• _DATA TO PROCESS_:
(* Let $d\ge1$, $0<s<1$, $1\le q<\infty$, $p\ge 1$, and let $\gamma\in\mathbb{R}$. Let $u:\mathbb{R}^d\to\mathbb{R}$ be measurable with $\int_{\mathbb{R}^d}|u(x)|^q|x|^{\gamma-d}\,dx<\infty$. Then for every $t\in(0,\infty)\setminus\{1\}$, $$\int_{0}^{\infty}\int_{\mathbb{S}^{d-1}}\int_{\mathbb{S}^{d-1}}r^{\gamma-1}\frac{|u(r\omega)-u(rt\sigma)|^q}{|\omega-t\sigma|^{d+sp}}\,d\sigma\,d\omega\,dr\geq\left|1-t^{-\gamma/q}\right|^q\Phi(t)\int_{\mathbb{R}^d}|u(x)|^q|x|^{\gamma-d}\,dx,$$ where $\Phi(t)=\int_{\mathbb{S}^{d-1}}|e_d-t\sigma|^{-d-sp}\,d\sigma$.
   Context: $\mathbb{S}^{d-1}$ is the unit sphere of $\mathbb{R}^d$ with surface measure $d\sigma$ (counting measure on $\{\pm1\}$ if $d=1$), and $e_d=(0,\dots,0,1)$. By rotation invariance $\Phi(t)=\int_{\mathbb{S}^{d-1}}|\omega-t\sigma|^{-d-sp}\,d\sigma$ for every $\omega\in\mathbb{S}^{d-1}$, and $\Phi(t)<\infty$ for $t\neq 1$. *)

theory Defs
  imports "HOL-Analysis.Analysis"
begin

text \<open>Surface measure on the unit sphere of a Euclidean space, defined via the cone
  construction: sigma(A) = d * lambda({x : 0 < norm x < 1, x / norm x in A}),
  i.e. the push-forward of d times Lebesgue measure on the punctured unit ball
  under the radial projection x / norm x.  It is concentrated on sphere 0 1.
  For d = 1 this is the counting measure on the two points of the sphere.\<close>
definition sphere_measure :: "'a::euclidean_space measure" where
  "sphere_measure =
     distr (density lborel (\<lambda>x. of_nat DIM('a) * indicator (ball 0 1 - {0}) x))
           borel (\<lambda>x. x /\<^sub>R norm x)"

definition Phi :: "'a::euclidean_space \<Rightarrow> real \<Rightarrow> real \<Rightarrow> real \<Rightarrow> ennreal" where
  "Phi e s p t =
     (\<integral>\<^sup>+ \<sigma>. ennreal (norm (e - t *\<^sub>R \<sigma>) powr (- (real DIM('a) + s * p))) \<partial>sphere_measure)"

end

theory Submission
  imports Defs
begin

text \<open>
  Put \<open>\<theta> = t powr (- \<gamma> / q)\<close> and suppose \<open>\<theta> < 1\<close>. Convexity of \<open>s \<mapsto> s powr q\<close> gives
  \<open>\<bar>a\<bar> powr q \<le> (1 - \<theta>) powr (1 - q) * \<bar>a - b\<bar> powr q + \<theta> powr (1 - q) * \<bar>b\<bar> powr q\<close>; with
  \<open>a = u(r\<omega>)\<close>, \<open>b = u(rt\<sigma>)\<close>, integrated against \<open>r powr (\<gamma> - 1) * \<bar>\<omega> - t\<sigma>\<bar> powr (-d - sp)\<close>, this bounds
  the integral \<open>A\<close> of \<open>\<bar>u(r\<omega>)\<bar> powr q\<close> by the left-hand side \<open>D\<close> and the integral \<open>B\<close> of
  \<open>\<bar>u(rt\<sigma>)\<bar> powr q\<close>. By rotation invariance of the sphere measure the kernel integrates to \<open>\<Phi>(t)\<close>
  in \<open>\<sigma>\<close>, and, since \<open>\<bar>\<omega> - t\<sigma>\<bar> = \<bar>\<sigma> - t\<omega>\<bar>\<close>, also in \<open>\<omega>\<close>; polar coordinates and the substitution
  \<open>r \<mapsto> rt\<close> then give \<open>A = \<Phi>(t) I\<close> and \<open>B = t powr (-\<gamma>) * \<Phi>(t) I = \<theta> powr q * A\<close>, where \<open>I\<close> is the
  weighted norm of \<open>u\<close>. Since \<open>A\<close> is finite, \<open>A \<le> (1 - \<theta>) powr (1 - q) * D + \<theta> A\<close> rearranges to
  \<open>D \<ge> (1 - \<theta>) powr q * A\<close>; for \<open>\<theta> > 1\<close> the roles of \<open>a\<close> and \<open>b\<close> are exchanged.

  On the measure-theoretic side, \<open>u\<close> may be replaced by a Borel representative because a null set
  meets almost every sphere centred at 0 in a null set; polar coordinates follow from the cone
  construction of the sphere measure; and Lebesgue measure is rotation invariant because rotations
  map balls to balls of the same radius and, by Vitali's covering theorem, every open set is a
  disjoint union of balls up to a null set.
\<close>

section \<open>The surface measure of the sphere\<close>

lemma sets_sphere_measure [measurable_cong, simp]:
  "sets (sphere_measure :: 'a::euclidean_space measure) = sets borel"
  by (simp add: sphere_measure_def)

lemma space_sphere_measure [simp]: "space (sphere_measure :: 'a::euclidean_space measure) = UNIV"
  by (simp add: sphere_measure_def)

lemma sets_borel_ball [measurable]: "ball c r \<in> sets borel"
  by simp

lemma nn_integral_sphere_measure:
  fixes F :: "'a::euclidean_space \<Rightarrow> ennreal"
  assumes [measurable]: "F \<in> borel_measurable borel"
  shows "(\<integral>\<^sup>+\<sigma>. F \<sigma> \<partial>sphere_measure) =
     (\<integral>\<^sup>+x. of_nat DIM('a) * indicator (ball 0 1 - {0}) x * F (x /\<^sub>R norm x) \<partial>lborel)"
  unfolding sphere_measure_def by (simp add: nn_integral_distr nn_integral_density mult.assoc)

interpretation sphere_measure: finite_measure "sphere_measure :: 'a::euclidean_space measure"
proof
  have "emeasure (sphere_measure :: 'a measure) UNIV = (\<integral>\<^sup>+\<sigma>. 1 \<partial>(sphere_measure :: 'a measure))"
    by simp
  also have "\<dots> = (\<integral>\<^sup>+x. of_nat DIM('a) * indicator (ball (0::'a) 1 - {0}) x \<partial>lborel)"
    by (subst nn_integral_sphere_measure) auto
  also have "\<dots> \<le> (\<integral>\<^sup>+x. of_nat DIM('a) * indicator (cball (0::'a) 1) x \<partial>lborel)"
    by (intro nn_integral_mono mult_left_mono) (auto split: split_indicator)
  also have "\<dots> = of_nat DIM('a) * emeasure lborel (cball (0::'a) 1)"
    by (subst nn_integral_cmult) (auto intro: borel_measurable_indicator borel_closed)
  also have "\<dots> < \<infinity>"
    by (simp add: emeasure_cball ennreal_mult_less_top ennreal_of_nat_eq_real_of_nat)
  finally show "emeasure (sphere_measure :: 'a measure) (space sphere_measure) \<noteq> \<infinity>"
    by simp
qed

lemma AE_sphere_measure_norm: "AE \<sigma> in (sphere_measure :: 'a::euclidean_space measure). norm \<sigma> = 1"
proof -
  have "(\<integral>\<^sup>+\<sigma>. indicator {\<sigma>::'a. norm \<sigma> \<noteq> 1} \<sigma> \<partial>sphere_measure) = 0"
  proof (subst nn_integral_sphere_measure)
    have "of_nat DIM('a) * indicator (ball 0 1 - {0}) x *
        indicator {\<sigma>::'a. norm \<sigma> \<noteq> 1} (x /\<^sub>R norm x) = (0::ennreal)" for x :: 'a
      by (simp add: indicator_def field_simps)
    then show "(\<integral>\<^sup>+x. of_nat DIM('a) * indicator (ball 0 1 - {0}) x *
        indicator {\<sigma>::'a. norm \<sigma> \<noteq> 1} (x /\<^sub>R norm x) \<partial>lborel) = 0"
      by (simp del: mult_eq_0_iff)
  qed simp
  then show ?thesis
    by (subst (asm) nn_integral_0_iff_AE) (auto simp: indicator_def)
qed

lemma pair_sigma_finite_sphere_measure:
  "pair_sigma_finite (sphere_measure :: 'a::euclidean_space measure) sphere_measure"
  by (simp add: pair_sigma_finite_def sphere_measure.sigma_finite_measure_axioms)

section \<open>Rotation invariance\<close>

lemma borel_measurable_linear:
  fixes T :: "'a::euclidean_space \<Rightarrow> 'b::euclidean_space"
  shows "linear T \<Longrightarrow> T \<in> borel_measurable borel"
  by (intro borel_measurable_continuous_onI linear_continuous_on)
    (simp add: linear_conv_bounded_linear)

lemma null_sets_lborel_linear_vimage:
  fixes T :: "'a::euclidean_space \<Rightarrow> 'a"
  assumes T: "linear T" "inj T" and N: "N \<in> null_sets lborel"
  shows "T -` N \<in> null_sets lborel"
proof -
  have [measurable]: "T \<in> borel_measurable borel" "N \<in> sets borel"
    using borel_measurable_linear[OF T(1)] N by auto
  have "negligible {x \<in> UNIV. T x \<in> N}"
    using N T by (intro negligible_differentiable_vimage[where f'="\<lambda>_. T"])
      (auto simp: negligible_iff_null_sets null_sets_completionI linear_imp_has_derivative)
  then show ?thesis
    by (subst null_sets_completion_iff[symmetric]) (auto simp: negligible_iff_null_sets vimage_def)
qed

lemma emeasure_lborel_ball_center:
  "emeasure lborel (ball (a::'a::euclidean_space) r) = emeasure lborel (ball (b::'a) r)"
  by (cases "0 \<le> r") (simp_all add: emeasure_ball ball_empty)

lemma open_ae_disjoint_Union_balls:
  fixes U :: "'a::euclidean_space set"
  assumes U: "open U"
  obtains C where "countable C" "disjoint_family_on (\<lambda>i. ball (fst i) (snd i)) C"
    "(\<Union>i\<in>C. ball (fst i) (snd i)) \<subseteq> U" "U - (\<Union>i\<in>C. ball (fst i) (snd i)) \<in> null_sets lborel"
proof -
  let ?K = "{(x, \<rho>). ball x \<rho> \<subseteq> U}"
  obtain C where C: "countable C" "C \<subseteq> ?K"
    and disj: "pairwise (\<lambda>i j. disjnt (ball (fst i) (snd i)) (ball (fst j) (snd j))) C"
    and neg: "negligible (U - (\<Union>i\<in>C. ball (fst i) (snd i)))"
  proof (rule Vitali_covering_theorem_balls[of U ?K fst snd])
    fix x d assume "x \<in> U" "0 < (d::real)"
    then obtain e where "0 < e" "ball x e \<subseteq> U"
      using U open_contains_ball by blast
    with \<open>0 < d\<close> show "\<exists>i. i \<in> ?K \<and> x \<in> ball (fst i) (snd i) \<and> snd i < d"
      by (intro exI[of _ "(x, min e d / 2)"]) auto
  qed
  have "U - (\<Union>i\<in>C. ball (fst i) (snd i)) \<in> sets borel"
    using U by (intro sets.Diff borel_open) auto
  then have "U - (\<Union>i\<in>C. ball (fst i) (snd i)) \<in> null_sets lborel"
    using neg by (subst null_sets_completion_iff[symmetric]) (auto simp: negligible_iff_null_sets)
  moreover have "(\<Union>i\<in>C. ball (fst i) (snd i)) \<subseteq> U"
    using C(2) by fastforce
  ultimately show ?thesis
    using that C(1) disj by (auto simp: pairwise_def disjoint_family_on_def disjnt_def)
qed

lemma emeasure_lborel_orthogonal_vimage_open:
  fixes T :: "'a::euclidean_space \<Rightarrow> 'a"
  assumes T: "orthogonal_transformation T" and U: "open U"
  shows "emeasure lborel (T -` U) = emeasure lborel U"
proof -
  have lin: "linear T" and inj: "inj T"
    using T by (simp_all add: orthogonal_transformation_linear orthogonal_transformation_inj)
  have T_borel: "T \<in> borel_measurable borel"
    using lin by (rule borel_measurable_linear)
  have vimage_ball: "T -` ball c r = ball (inv T c) r" for c r
  proof -
    have "dist c (T x) = dist (inv T c) x" for x
      using orthogonal_transformation_norm[OF T, of "inv T c - x"] T
      by (simp add: dist_norm linear_diff[OF lin] orthogonal_transformation_surj surj_f_inv_f)
    then show ?thesis by auto
  qed
  obtain C where C: "countable C" and disj: "disjoint_family_on (\<lambda>i. ball (fst i) (snd i)) C"
    and V: "(\<Union>i\<in>C. ball (fst i) (snd i)) \<subseteq> U"
    and null: "U - (\<Union>i\<in>C. ball (fst i) (snd i)) \<in> null_sets lborel"
    using open_ae_disjoint_Union_balls[OF U] .
  define V where "V = (\<Union>i\<in>C. ball (fst i) (snd i))"
  have V_borel: "V \<in> sets borel"
    unfolding V_def by (intro borel_open) auto
  have "emeasure lborel U = emeasure lborel (V \<union> (U - V))"
    using V by (simp add: V_def Un_absorb1)
  also have "\<dots> = emeasure lborel V"
    using null V_borel by (intro emeasure_Un_null_set) (auto simp: V_def)
  also have "\<dots> = (\<integral>\<^sup>+i. emeasure lborel (ball (fst i) (snd i)) \<partial>count_space C)"
    using C disj unfolding V_def by (intro emeasure_UN_countable) auto
  also have "\<dots> = (\<integral>\<^sup>+i. emeasure lborel (T -` ball (fst i) (snd i)) \<partial>count_space C)"
    by (intro nn_integral_cong) (metis vimage_ball emeasure_lborel_ball_center)
  also have "\<dots> = emeasure lborel (T -` V)"
  proof -
    have "disjoint_family_on (\<lambda>i. T -` ball (fst i) (snd i)) C"
      using disj by (auto simp: disjoint_family_on_def simp flip: vimage_Int)
    then show ?thesis
      unfolding V_def vimage_UN using C by (intro emeasure_UN_countable[symmetric]) (auto simp: vimage_ball)
  qed
  also have "\<dots> = emeasure lborel (T -` V \<union> T -` (U - V))"
    using null_sets_lborel_linear_vimage[OF lin inj null] measurable_sets[OF T_borel V_borel]
    by (intro emeasure_Un_null_set[symmetric]) (auto simp: V_def)
  also have "T -` V \<union> T -` (U - V) = T -` U"
    using V by (auto simp: V_def)
  finally show ?thesis ..
qed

• _WHAT IS REQUIRED_:
Lines holding "intro": copy each one from the records above.

• _RESULT FOR THIS EXERCISE_:
    by (intro nn_integral_mono mult_left_mono) (auto split: split_indicator)
    by (subst nn_integral_cmult) (auto intro: borel_measurable_indicator borel_closed)
  by (intro borel_measurable_continuous_onI linear_continuous_on)
    using N T by (intro negligible_differentiable_vimage[where f'="\<lambda>_. T"])
      by (intro exI[of _ "(x, min e d / 2)"]) auto
    using U by (intro sets.Diff borel_open) auto
    unfolding V_def by (intro borel_open) auto
    using null V_borel by (intro emeasure_Un_null_set) (auto simp: V_def)
    using C disj unfolding V_def by (intro emeasure_UN_countable) auto
    by (intro nn_integral_cong) (metis vimage_ball emeasure_lborel_ball_center)
      unfolding V_def vimage_UN using C by (intro emeasure_UN_countable[symmetric]) (auto simp: vimage_ball)
    by (intro emeasure_Un_null_set[symmetric]) (auto simp: V_def)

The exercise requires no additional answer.